Monday, 3 August 2015

To teach only 'American exceptionalism' is to ignore half the country's story | James Nevius | Comment is free | The Guardian

To teach only 'American exceptionalism' is to ignore half the country's story | James Nevius | Comment is free | The Guardian



James Nevius



In late July, the College Board, the administrators of the SAT and Advanced Placement exams, issued new guidelines for teaching AP United States history. One change was to add a section on “American exceptionalism,” a concept as old as the country itself that the United States is qualitatively different – and, arguably, better – than other nations.



While “exceptionalism,” at its best, nurtures civic pride, at its worst, it blinds Americans to the country’s long history of remarkably unexceptional ideas and actions. What George Santayana so neatly encapsulated over a century ago remains painfully true: “Those who cannot remember the past are condemned to repeat it.”



As a historian and tour guide, I often see this collective American blind spot on display as I lead walks of historic New York City.

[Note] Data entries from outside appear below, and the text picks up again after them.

(* Let $a>0$, $b\ge0$, and assume $A:=a+\beta-1<0$. Then $$\limsup_{N\to\infty}N^{-\chi\beta+bA}\,\mathbb E\Big[\sum_{k=1}^N w_{I^N_k}^a\,\mathbf 1\{w_{I^N_k}\ge N^{-b}\}\Big]\le(1-\beta)\frac{1}{|A|}.$$ The same holds if $I^N$ is replaced by $J^N$, $N$ i.i.d. draws with replacement from $\{1,\dots,\lceil N^\gamma\rceil\}$ with $\mathbb P(J^N_k=i\mid\Xi)=w_i^\beta/\sum_{j=1}^{\lceil N^\gamma\rceil}w_j^\beta$.
   Context: Fix $\gamma>1$, $\beta\in(0,1)$, $\chi=\frac{1-\gamma(1-\beta)}{\beta}$. $\Xi$ is a Poisson point process on $(0,\infty)$ with intensity $x^{-2}dx$ and atoms $w_1>w_2>\cdots$. Conditionally on $\Xi$, $I^N=(I^N_1,\dots,I^N_N)$ are $N$ indices sampled without replacement from $\{1,\dots,\lceil N^\gamma\rceil\}$ with weights $w_i^\beta$ (each successive draw picks a not-yet-drawn index $i$ with probability proportional to $w_i^\beta$ among the not-yet-drawn ones). *)

theory Defs
  imports "HOL-Probability.Probability"
begin

text \<open>Poisson point process on (0,inf) with intensity x^-2 dx, atoms w_1 > w_2 > ...
  Realised via the standard representation w_i = 1/Gamma_i, Gamma_i = E_1+...+E_i,
  with E_j i.i.d. Exp(1) (the image of the process under x -> 1/x is a unit-rate
  Poisson process on (0,inf), whose ordered points are Gamma_1 < Gamma_2 < ...).\<close>

definition Xi_space :: "(nat \<Rightarrow> real) measure" where
  "Xi_space = PiM UNIV (\<lambda>_. density lborel (\<lambda>x. ennreal (exponential_density 1 x)))"

text \<open>The i-th largest atom (i >= 1): w_i = 1 / (e 0 + ... + e (i-1)).\<close>
definition pp_atom :: "(nat \<Rightarrow> real) \<Rightarrow> nat \<Rightarrow> real" where
  "pp_atom e i = 1 / (\<Sum>j<i. e j)"

definition weighted_draw :: "(nat \<Rightarrow> real) \<Rightarrow> nat list \<Rightarrow> nat pmf" where
  "weighted_draw v R = pmf_of_list (map (\<lambda>i. (i, v i / (\<Sum>j\<leftarrow>R. v j))) R)"

primrec succ_sample :: "(nat \<Rightarrow> real) \<Rightarrow> nat \<Rightarrow> nat list \<Rightarrow> nat list pmf" where
  "succ_sample v 0 R = return_pmf []"
| "succ_sample v (Suc n) R =
     bind_pmf (weighted_draw v R) (\<lambda>i. map_pmf (Cons i) (succ_sample v n (removeAll i R)))"

primrec iid_sample :: "(nat \<Rightarrow> real) \<Rightarrow> nat \<Rightarrow> nat list \<Rightarrow> nat list pmf" where
  "iid_sample v 0 R = return_pmf []"
| "iid_sample v (Suc n) R =
     bind_pmf (weighted_draw v R) (\<lambda>i. map_pmf (Cons i) (iid_sample v n R))"

definition index_range :: "real \<Rightarrow> nat \<Rightarrow> nat list" where
  "index_range \<gamma> N = [1..<nat \<lceil>real N powr \<gamma>\<rceil> + 1]"

definition I_sample :: "real \<Rightarrow> real \<Rightarrow> nat \<Rightarrow> (nat \<Rightarrow> real) \<Rightarrow> nat list pmf" where
  "I_sample \<gamma> \<beta> N e = succ_sample (\<lambda>i. pp_atom e i powr \<beta>) N (index_range \<gamma> N)"

definition J_sample :: "real \<Rightarrow> real \<Rightarrow> nat \<Rightarrow> (nat \<Rightarrow> real) \<Rightarrow> nat list pmf" where
  "J_sample \<gamma> \<beta> N e = iid_sample (\<lambda>i. pp_atom e i powr \<beta>) N (index_range \<gamma> N)"

text \<open>E[ sum_k f(w_{K_k}) ] for a sample K with conditional law samp e given Xi
  (total expectation = integral over Xi of the conditional expectation).\<close>
definition total_expect ::
  "((nat \<Rightarrow> real) \<Rightarrow> nat list pmf) \<Rightarrow> (real \<Rightarrow> real) \<Rightarrow> ennreal" where
  "total_expect samp f =
     (\<integral>\<^sup>+ e. (\<integral>\<^sup>+ ks. ennreal (\<Sum>k\<leftarrow>ks. f (pp_atom e k)) \<partial>measure_pmf (samp e)) \<partial>Xi_space)"

end

theory Submission
  imports Defs "HOL-Real_Asymp.Real_Asymp"
begin

(* Conditionally on the atoms, every draw of either scheme picks index i with probability at
   most w_i^beta / D, where D is the weight of the ceil(N^gamma) - N + 1 smallest atoms: fewer
   than N indices are ever removed. So the conditional expectation is at most N U / D with
   U = sum_i w_i^a 1{w_i >= N^-b} w_i^beta. With w_i = 1 / Gamma_i, Gamma_i the arrival times
   of a unit-rate Poisson process, Campbell's formula gives E U <= N^(b |A|) / |A|. On the
   event Gamma_j <= (1 + delta) j for N <= j <= ceil(N^gamma) the weight D is at least
   (1 + delta)^-beta sum_j j^-beta, which is about (1 + delta)^-beta N^(gamma (1 - beta)) / (1 - beta);
   the complementary event is exponentially unlikely in N by a Chernoff bound on Gamma_j.
   Letting delta tend to 0 yields the constant (1 - beta) / |A|. *)

section \<open>Weighted sampling\<close>

lemma nn_integral_weighted_draw:
  fixes v :: "nat \<Rightarrow> real" and g :: "nat \<Rightarrow> ennreal"
  assumes "distinct R" and pos: "\<And>i. i \<in> set R \<Longrightarrow> v i > 0" and "R \<noteq> []"
  shows "(\<integral>\<^sup>+i. g i \<partial>measure_pmf (weighted_draw v R)) =
         (\<Sum>i\<in>set R. g i * ennreal (v i / (\<Sum>j\<in>set R. v j)))"
proof -
  define S where "S = (\<Sum>j\<in>set R. v j)"
  have "S > 0" unfolding S_def using pos \<open>R \<noteq> []\<close> by (intro sum_pos) auto
  have draw_eq: "weighted_draw v R = pmf_of_list (map (\<lambda>i. (i, v i / S)) R)"
    unfolding weighted_draw_def S_def using \<open>distinct R\<close> by (simp add: sum_list_distinct_conv_sum_set)
  have wf: "pmf_of_list_wf (map (\<lambda>i. (i, v i / S)) R)"
  proof (rule pmf_of_list_wfI)
    show "x \<in> set (map snd (map (\<lambda>i. (i, v i / S)) R)) \<Longrightarrow> 0 \<le> x" for x
      using pos \<open>S > 0\<close> by (auto intro!: divide_nonneg_pos less_imp_le)
    show "sum_list (map snd (map (\<lambda>i. (i, v i / S)) R)) = 1"
      using \<open>distinct R\<close> \<open>S > 0\<close>
      by (simp add: o_def sum_list_distinct_conv_sum_set sum_divide_distrib[symmetric] S_def)
  qed
  have "filter (\<lambda>i. i = x) R = [x]" if "x \<in> set R" for x
    using \<open>distinct R\<close> that by (induction R) (auto simp: filter_empty_conv)
  then have pmf_draw: "pmf (weighted_draw v R) x = v x / S" if "x \<in> set R" for x
    unfolding draw_eq using that by (simp add: pmf_pmf_of_list[OF wf] filter_map o_def)
  have "(\<integral>\<^sup>+i. g i \<partial>measure_pmf (weighted_draw v R)) = (\<Sum>i\<in>set R. g i * pmf (weighted_draw v R) i)"
    using set_pmf_of_list[OF wf] unfolding draw_eq by (intro nn_integral_measure_pmf_support) auto
  also have "\<dots> = (\<Sum>i\<in>set R. g i * ennreal (v i / S))"
    by (intro sum.cong) (auto simp: pmf_draw)
  finally show ?thesis unfolding S_def .
qed
lemma integral_T2_hat_summand_square_le:
  assumes "1 \<le> i" "i + 3 \<le> n"
    and "\<And>k. k \<in> {i, i + 1} \<Longrightarrow> (\<integral>\<xi>. Rt n f V \<xi> k ^ 8 \<partial>noise_measure n) \<le> K"
  shows "(\<integral>\<xi>. (T2_hat_summand n f V \<xi> i)\<^sup>2 \<partial>noise_measure n) \<le> 4 * K"
proof -
  note finite = prob_space.finite_measure[OF prob_space_noise_measure]
  have moments: "finite_moments (noise_measure n) (\<lambda>\<xi>. Rt n f V \<xi> k ^ 8)" if "k \<in> {i, i + 1}" for k
    using assms that by (intro finite_moments_power[OF finite] finite_moments_Rt) auto
  have "(\<integral>\<xi>. (T2_hat_summand n f V \<xi> i)\<^sup>2 \<partial>noise_measure n) \<le>
      (\<integral>\<xi>. 2 * (Rt n f V \<xi> (i + 1) ^ 8 + Rt n f V \<xi> i ^ 8) \<partial>noise_measure n)"
  proof (rule integral_mono)
    show "integrable (noise_measure n) (\<lambda>\<xi>. (T2_hat_summand n f V \<xi> i)\<^sup>2)"
      using assms by (intro finite_moments_integrable finite_moments_power[OF finite] finite_moments_T2_hat_summand)
    show "integrable (noise_measure n) (\<lambda>\<xi>. 2 * (Rt n f V \<xi> (i + 1) ^ 8 + Rt n f V \<xi> i ^ 8))"
      using moments by (intro integrable_mult_right Bochner_Integration.integrable_add finite_moments_integrable) auto
  qed (unfold T2_hat_summand_def, rule quartic_form_square_le)
  also have "\<dots> = 2 * ((\<integral>\<xi>. Rt n f V \<xi> (i + 1) ^ 8 \<partial>noise_measure n) + (\<integral>\<xi>. Rt n f V \<xi> i ^ 8 \<partial>noise_measure n))"
    using moments[THEN finite_moments_integrable] by simp
  also have "\<dots> \<le> 4 * K"
    using assms(3)[of i] assms(3)[of "i + 1"] by simp
  finally show ?thesis .
qed

lemma integral_T2_hat_summand_mult:
  assumes "1 \<le> i" "i + 3 < j" "j + 3 \<le> n"
  shows "(\<integral>\<xi>. T2_hat_summand n f V \<xi> i * T2_hat_summand n f V \<xi> j \<partial>noise_measure n) =
    (\<integral>\<xi>. T2_hat_summand n f V \<xi> i \<partial>noise_measure n) * (\<integral>\<xi>. T2_hat_summand n f V \<xi> j \<partial>noise_measure n)"
proof -
  have "integrable (noise_measure n) (\<lambda>\<xi>. T2_hat_summand n f V \<xi> k)" if "k \<in> {i, j}" for k
    using assms that by (intro finite_moments_integrable finite_moments_T2_hat_summand) auto
  then show ?thesis
    unfolding noise_measure_def using assms
    by (intro integral_PiM_mult_disjoint[where A = "{i..i + 3}" and B = "{j..j + 3}"])
      (auto simp: prob_space_std_normal_distribution T2_hat_summand_restrict intro: T2_hat_summand_measurable)
qed

lemma integral_T2_hat_centered_sum_square_le:
  assumes "0 \<le> K"
    and moment8: "\<And>i. 1 \<le> i \<Longrightarrow> i + 2 \<le> n \<Longrightarrow> (\<integral>\<xi>. Rt n f V \<xi> i ^ 8 \<partial>noise_measure n) \<le> K"
  shows "(\<integral>\<xi>. (\<Sum>i = 1..n - 3. T2_hat_summand n f V \<xi> i -
      (\<integral>\<xi>. T2_hat_summand n f V \<xi> i \<partial>noise_measure n))\<^sup>2 \<partial>noise_measure n) \<le> 28 * K * n"
proof -
  interpret P: prob_space "noise_measure n"
    by (rule prob_space_noise_measure)
  have "P.expectation (\<lambda>\<xi>. (\<Sum>i = 1..n - 3. T2_hat_summand n f V \<xi> i -
      P.expectation (\<lambda>\<xi>. T2_hat_summand n f V \<xi> i))\<^sup>2) \<le> real (2 * 3 + 1) * (4 * K) * card {1..n - 3}"
  proof (rule P.expectation_centered_sum_square_le)
    fix i j
    assume "i \<in> {1..n - 3}" "j \<in> {1..n - 3}" "i + 3 < j"
    then show "P.expectation (\<lambda>\<xi>. T2_hat_summand n f V \<xi> i * T2_hat_summand n f V \<xi> j) =
        P.expectation (\<lambda>\<xi>. T2_hat_summand n f V \<xi> i) * P.expectation (\<lambda>\<xi>. T2_hat_summand n f V \<xi> j)"
      by (intro integral_T2_hat_summand_mult) auto
  qed (auto intro!: finite_moments_T2_hat_summand integral_T2_hat_summand_square_le moment8)
  also have "\<dots> = 28 * K * card {1..n - 3}"
    by simp
  also have "\<dots> \<le> 28 * K * n"
    using \<open>0 \<le> K\<close> by (intro mult_left_mono) auto
  finally show ?thesis .
qed

lemma T2_bias_abs_le:
  assumes V: "\<forall>k\<in>{1..n}. 0 \<le> V k"
    and delta: "\<And>i. 1 \<le> i \<Longrightarrow> i + 2 \<le> n \<Longrightarrow> \<bar>deltat n f i\<bar> \<le> D"
  shows "\<bar>\<Sum>i = 1..n - 3. (\<integral>\<xi>. T2_hat_summand n f V \<xi> i \<partial>noise_measure n) - T2_tilde_summand n f V i\<bar>
    \<le> n * (4/3 * D ^ 4)"
proof -
  have "\<bar>(\<integral>\<xi>. T2_hat_summand n f V \<xi> i \<partial>noise_measure n) - T2_tilde_summand n f V i\<bar> \<le> 4/3 * D ^ 4"
    if "i \<in> {1..n - 3}" for i
  proof -
    have i: "1 \<le> i" "i + 3 \<le> n"
      using that by auto
    have "deltat n f k ^ 4 \<le> D ^ 4" if "1 \<le> k" "k + 2 \<le> n" for k
      using delta[OF that] power_mono[of "\<bar>deltat n f k\<bar>" D 4] by auto
    then have "deltat n f i ^ 4 \<le> D ^ 4" "deltat n f (i + 1) ^ 4 \<le> D ^ 4"
      using i by auto
    then show ?thesis
      by (simp add: integral_T2_hat_summand[OF i V])
  qed
  then have "\<bar>\<Sum>i = 1..n - 3. (\<integral>\<xi>. T2_hat_summand n f V \<xi> i \<partial>noise_measure n) - T2_tilde_summand n f V i\<bar>
      \<le> card {1..n - 3} * (4/3 * D ^ 4)"
    by (intro order_trans[OF sum_abs] sum_bounded_above)
  also have "\<dots> \<le> n * (4/3 * D ^ 4)"
    by (intro mult_right_mono) auto
  finally show ?thesis .
qed

lemma square_add_le: "(x + y)\<^sup>2 \<le> 2 * x\<^sup>2 + 2 * y\<^sup>2" for x y :: real
  using sum_squares_bound[of x y] by (simp add: power2_sum)

lemma finite_moments_T2_hat: "finite_moments (noise_measure n) (T2_hat n f V)"
  unfolding T2_hat_eq_sum
  by (intro finite_moments_mult finite_moments_sum finite_moments_const finite_moments_T2_hat_summand
      prob_space.finite_measure[OF prob_space_noise_measure]) auto

lemma integral_T2_error_le:
  assumes "1 \<le> n" "0 \<le> K" and V: "\<forall>k\<in>{1..n}. 0 \<le> V k"
    and moment8: "\<And>i. 1 \<le> i \<Longrightarrow> i + 2 \<le> n \<Longrightarrow> (\<integral>\<xi>. Rt n f V \<xi> i ^ 8 \<partial>noise_measure n) \<le> K"
    and delta: "\<And>i. 1 \<le> i \<Longrightarrow> i + 2 \<le> n \<Longrightarrow> \<bar>deltat n f i\<bar> \<le> D"
  shows "(\<integral>\<xi>. (T2_hat n f V \<xi> - T2_tilde n f V)\<^sup>2 \<partial>noise_measure n) \<le> 56 * K / n + 32/9 * D ^ 8"
proof -
  interpret P: prob_space "noise_measure n"
    by (rule prob_space_noise_measure)
  define S where "S \<xi> = (\<Sum>i = 1..n - 3. T2_hat_summand n f V \<xi> i - P.expectation (\<lambda>\<xi>. T2_hat_summand n f V \<xi> i))"
    for \<xi>
  define b where "b = (\<Sum>i = 1..n - 3. P.expectation (\<lambda>\<xi>. T2_hat_summand n f V \<xi> i) - T2_tilde_summand n f V i)"
  have split: "T2_hat n f V \<xi> - T2_tilde n f V = S \<xi> / n + b / n" for \<xi>
    unfolding T2_hat_eq_sum T2_tilde_eq_sum S_def b_def sum_subtractf by (simp add: diff_divide_distrib)
  have S: "finite_moments (noise_measure n) S"
    unfolding S_def
    by (intro finite_moments_sum finite_moments_diff finite_moments_const finite_moments_T2_hat_summand P.finite_measure) auto
  then have S_scaled: "finite_moments (noise_measure n) (\<lambda>\<xi>. S \<xi> / n)"
    using finite_moments_mult[OF _ finite_moments_const[OF P.finite_measure, of "1 / n"]] by simp
  have "P.expectation (\<lambda>\<xi>. (T2_hat n f V \<xi> - T2_tilde n f V)\<^sup>2) \<le> P.expectation (\<lambda>\<xi>. 2 * (S \<xi> / n)\<^sup>2 + 2 * (b / n)\<^sup>2)"
    unfolding split using S_scaled
    by (intro integral_mono square_add_le finite_moments_integrable finite_moments_add finite_moments_mult
        finite_moments_power finite_moments_const P.finite_measure)
  also have "\<dots> = 2 / n\<^sup>2 * P.expectation (\<lambda>\<xi>. (S \<xi>)\<^sup>2) + 2 * (b / n)\<^sup>2"
    using finite_moments_integrable[OF finite_moments_power[OF P.finite_measure S, of 2]]
    by (simp add: power_divide P.prob_space)
  also have "\<dots> \<le> 2 / n\<^sup>2 * (28 * K * n) + 2 * (4/3 * D ^ 4)\<^sup>2"
  proof (intro add_mono mult_left_mono)
    show "P.expectation (\<lambda>\<xi>. (S \<xi>)\<^sup>2) \<le> 28 * K * n"
      unfolding S_def using assms(2) moment8 by (rule integral_T2_hat_centered_sum_square_le)
    have "\<bar>b / n\<bar> \<le> 4/3 * D ^ 4"
      using T2_bias_abs_le[OF V delta] \<open>1 \<le> n\<close> by (simp add: b_def divide_le_eq mult.commute)
    then show "(b / n)\<^sup>2 \<le> (4/3 * D ^ 4)\<^sup>2"
      by (metis abs_ge_zero power2_abs power_mono)
  qed auto
  also have "\<dots> = 56 * K / n + 32/9 * D ^ 8"
    using \<open>1 \<le> n\<close> by (simp add: power2_eq_square field_simps)
  finally show ?thesis .
qed

section \<open>Hoelder increments\<close>

lemma holder_class_bounded:
  assumes "f \<in> holder_class \<alpha> M" "x \<in> {0..1}"
  shows "\<bar>f x\<bar> \<le> M"
  using assms unfolding holder_class_def by force

lemma holder_class_increment_le:
  assumes "0 < \<alpha>" "f \<in> holder_class \<alpha> M" and x: "x \<in> {0..1}" and y: "y \<in> {0..1}"
  shows "\<bar>f x - f y\<bar> \<le> M * \<bar>x - y\<bar> powr min \<alpha> 1"
proof -
  obtain D :: "nat \<Rightarrow> real \<Rightarrow> real" where
    D0: "\<forall>x\<in>{0..1}. D 0 x = f x" and
    D_deriv: "\<forall>j < nat \<lfloor>\<alpha>\<rfloor>. \<forall>x\<in>{0..1}. (D j has_real_derivative D (Suc j) x) (at x within {0..1})" and
    D_bound: "\<forall>j \<le> nat \<lfloor>\<alpha>\<rfloor>. \<forall>x\<in>{0..1}. \<bar>D j x\<bar> \<le> M" and
    D_holder: "\<forall>x\<in>{0..1}. \<forall>y\<in>{0..1}.
      \<bar>D (nat \<lfloor>\<alpha>\<rfloor>) x - D (nat \<lfloor>\<alpha>\<rfloor>) y\<bar> \<le> M * \<bar>x - y\<bar> powr (\<alpha> - of_int \<lfloor>\<alpha>\<rfloor>)"
    using assms(2) unfolding holder_class_def by blast
  show ?thesis
  proof (cases "\<alpha> < 1")
    case True
    then have "\<lfloor>\<alpha>\<rfloor> = 0"
      using assms(1) by (simp add: floor_eq_iff)
    then show ?thesis
      using D_holder D0 x y True by force
  next
    case False
    then have "1 \<le> nat \<lfloor>\<alpha>\<rfloor>"
      by (simp add: le_nat_iff)
    then have "(D 0 has_field_derivative D 1 z) (at z within {0..1})" "norm (D 1 z) \<le> M"
      if "z \<in> {0..1}" for z
      using D_deriv D_bound that by force+
    then have "norm (D 0 x - D 0 y) \<le> M * norm (x - y)"
      using field_differentiable_bound[OF convex_real_interval(5) _ _ x y] by blast
    then show ?thesis
      using D0 x y False by simp
  qed
qed

lemma deltat_abs_le:
  assumes "f \<in> holder_class \<alpha> M" "1 \<le> n" "i + 2 \<le> n"
  shows "\<bar>deltat n f i\<bar> \<le> 2 * M"
proof -
  have "real (i + 2) / n \<in> {0..1}" "real i / n \<in> {0..1}"
    using assms(2,3) by (auto simp: divide_le_eq)
  then show ?thesis
    unfolding deltat_def using holder_class_bounded[OF assms(1)] by (smt (verit))
qed

lemma deltat_abs_le_powr:
  assumes "0 < \<alpha>" "f \<in> holder_class \<alpha> M" "1 \<le> n" "i + 2 \<le> n"
  shows "\<bar>deltat n f i\<bar> \<le> 2 * M * real n powr (- min \<alpha> 1)"
proof -
  have "real (i + 2) / n \<in> {0..1}" "real i / n \<in> {0..1}"
    using assms(3,4) by (auto simp: divide_le_eq)
  moreover have "\<bar>real (i + 2) / n - real i / n\<bar> = 2 / n"
    by (simp add: diff_divide_distrib[symmetric])
  ultimately have "\<bar>deltat n f i\<bar> \<le> M * (2 / n) powr min \<alpha> 1"
    unfolding deltat_def using holder_class_increment_le[OF assms(1,2)] by metis
  also have "(2 / n) powr min \<alpha> 1 = 2 powr min \<alpha> 1 * real n powr (- min \<alpha> 1)"
    using assms(3) by (simp add: powr_divide powr_minus_divide)
  also have "M * \<dots> \<le> M * (2 * real n powr (- min \<alpha> 1))"
    using holder_class_bounded[OF assms(2), of 0] powr_mono[of "min \<alpha> 1" 1 2]
    by (intro mult_left_mono mult_right_mono) auto
  finally show ?thesis
    by simp
qed

lemma powr_min_le:
  fixes \<alpha> x :: real
  assumes "0 < \<alpha>" "1 \<le> x"
  shows "x powr (- 8 * min \<alpha> 1) \<le> 1 / x + x powr (- 8 * \<alpha>)"
proof (cases "\<alpha> \<le> 1")
  case False
  then have "x powr (- 8 * min \<alpha> 1) \<le> x powr (- 1)"
    using assms(2) by (intro powr_mono) auto
  also have "\<dots> = 1 / x"
    using assms(2) by (simp add: powr_minus_divide)
  finally have "x powr (- 8 * min \<alpha> 1) \<le> 1 / x" .
  moreover have "0 \<le> x powr (- 8 * \<alpha>)"
    by simp
  ultimately show ?thesis
    by linarith
qed (use assms(2) in simp)
lemma pivot_nbr_exists:
  assumes "w \<in> pivots h M" "M \<ge> 4" "\<bar>\<sigma>\<bar> = 1"
  shows "\<exists>x. x \<in> rays_upto h \<and> det2 x w = \<sigma> \<and> fst x > int h - fst w"
proof -
  obtain a b where w: "w = (a, b)" by (cases w)
  note P = pivotsD[OF assms(1,2), unfolded w, simplified]
  obtain s t where st: "s * a + t * b = 1"
    using bezout_int[of a b] P(1) unfolding rays_upto_def primitive_def by auto
  \<comment> \<open>the solutions of det(x, w) = \<sigma> are (\<sigma> t + k a, k b - \<sigma> s); k is chosen to put
    fst x into (h - a, h]\<close>
  define k where "k = (int h - \<sigma> * t) div a"
  define x where "x = (\<sigma> * t + k * a, k * b - \<sigma> * s)"
  have "fst x = int h - (int h - \<sigma> * t) mod a"
    unfolding x_def k_def by (simp add: minus_mod_eq_mult_div[symmetric] algebra_simps)
  then have x1: "int h - a < fst x" "fst x \<le> int h" using P(2) by (simp_all add: pos_mod_bound)
  have "det2 x w = \<sigma> * (s * a + t * b)" unfolding x_def w det2_def by (simp add: algebra_simps)
  then have dx: "det2 x w = \<sigma>" using st by simp
  have "snd x * a = fst x * b + (- \<sigma>)" using dx unfolding det2_def w by (simp add: algebra_simps)
  then have "-1 \<le> snd x" "snd x \<le> fst x"
    using snd_bounds_of_near_slope[of a b "fst x" "snd x" "- \<sigma>"] x1 P assms(3) by auto
  moreover have "primitive x"
    using dx assms(3) primitive_if_det2_eq_1(1)[of x w] primitive_if_det2_eq_1(2)[of w x] det2_swap[of x w]
    by (auto simp: abs_if split: if_splits)
  ultimately have "x \<in> rays_upto h" using x1 P unfolding rays_upto_def maxnorm_def by auto
  moreover have "int h - fst w < fst x" using x1 w by simp
  ultimately show ?thesis using dx by blast
qed

lemma pivot_nbr:
  assumes "w \<in> pivots h M" "M \<ge> 4" "\<bar>\<sigma>\<bar> = 1"
  shows "pivot_nbr h w \<sigma> \<in> rays_upto h" "det2 (pivot_nbr h w \<sigma>) w = \<sigma>"
    "fst (pivot_nbr h w \<sigma>) > int h - fst w"
  using someI_ex[OF pivot_nbr_exists[OF assms]] unfolding pivot_nbr_def by auto

lemma det2_pivot_nbrs:
  assumes "w \<in> pivots h M" "M \<ge> 4"
  shows "det2 (pivot_nbr h w 1) (pivot_nbr h w (-1)) \<ge> 2 * M - 1"
proof -
  define u v where "u = pivot_nbr h w 1" and "v = pivot_nbr h w (-1)"
  note U = pivot_nbr[OF assms, of 1, folded u_def] and V = pivot_nbr[OF assms, of "-1", folded v_def]
  have "(2 * M - 2) * fst w \<le> 2 * (int h - fst w)"
    using assms unfolding pivots_def by (simp add: algebra_simps)
  also have "\<dots> < fst u + fst v" using U(3) V(3) by simp
  also have "\<dots> = det2 u v * fst w"
    using det2_cramer_fst[of u w v] U(2) V(2) by simp
  finally have "(2 * M - 2) * fst w < det2 u v * fst w" .
  then show ?thesis
    unfolding u_def v_def using pivotsD(2)[OF assms] mult_right_less_imp_less by fastforce
qed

On Central Park’s Bethesda Terrace, a quaint carving of a witch on a broomstick is a jumping off point for discussing the deep anti-Irish sentiment in the city following the influx of immigrants after the 1845 potato famine. Political cartoonists like Thomas Nast depicted the Irish as apes and Catholic bishops as monsters; “No Irish Need Apply” signs appeared in shop windows.



As I tell these stories, I can see the anger grow in some of my listeners. One woman flat-out told me to stop talking. “You can’t say that,” she admonished. “It’s not true.” I clarified that these were not my opinions, but those of many Protestant New Yorkers a century and a half ago. “No,” she repeated. She did not want to know about an America where such things were possible – which, of course, meant she didn’t want to confront the idea that she might still live in such a place.



Similarly, in Chinatown one day, my explanation of the 1882 Chinese Exclusion Act, which effectively banned Chinese immigration for six decades, led one visitor to launch into a tirade about America’s porous borders. I shook my head – not at his critique, which had some valid points – but at his inability to connect the country’s history with his own past. You see, he was Chinese American. The Chinese Exclusion Act had been an affront to his heritage; current immigrants were an affront to his political and economic ideals. He saw no link between the two.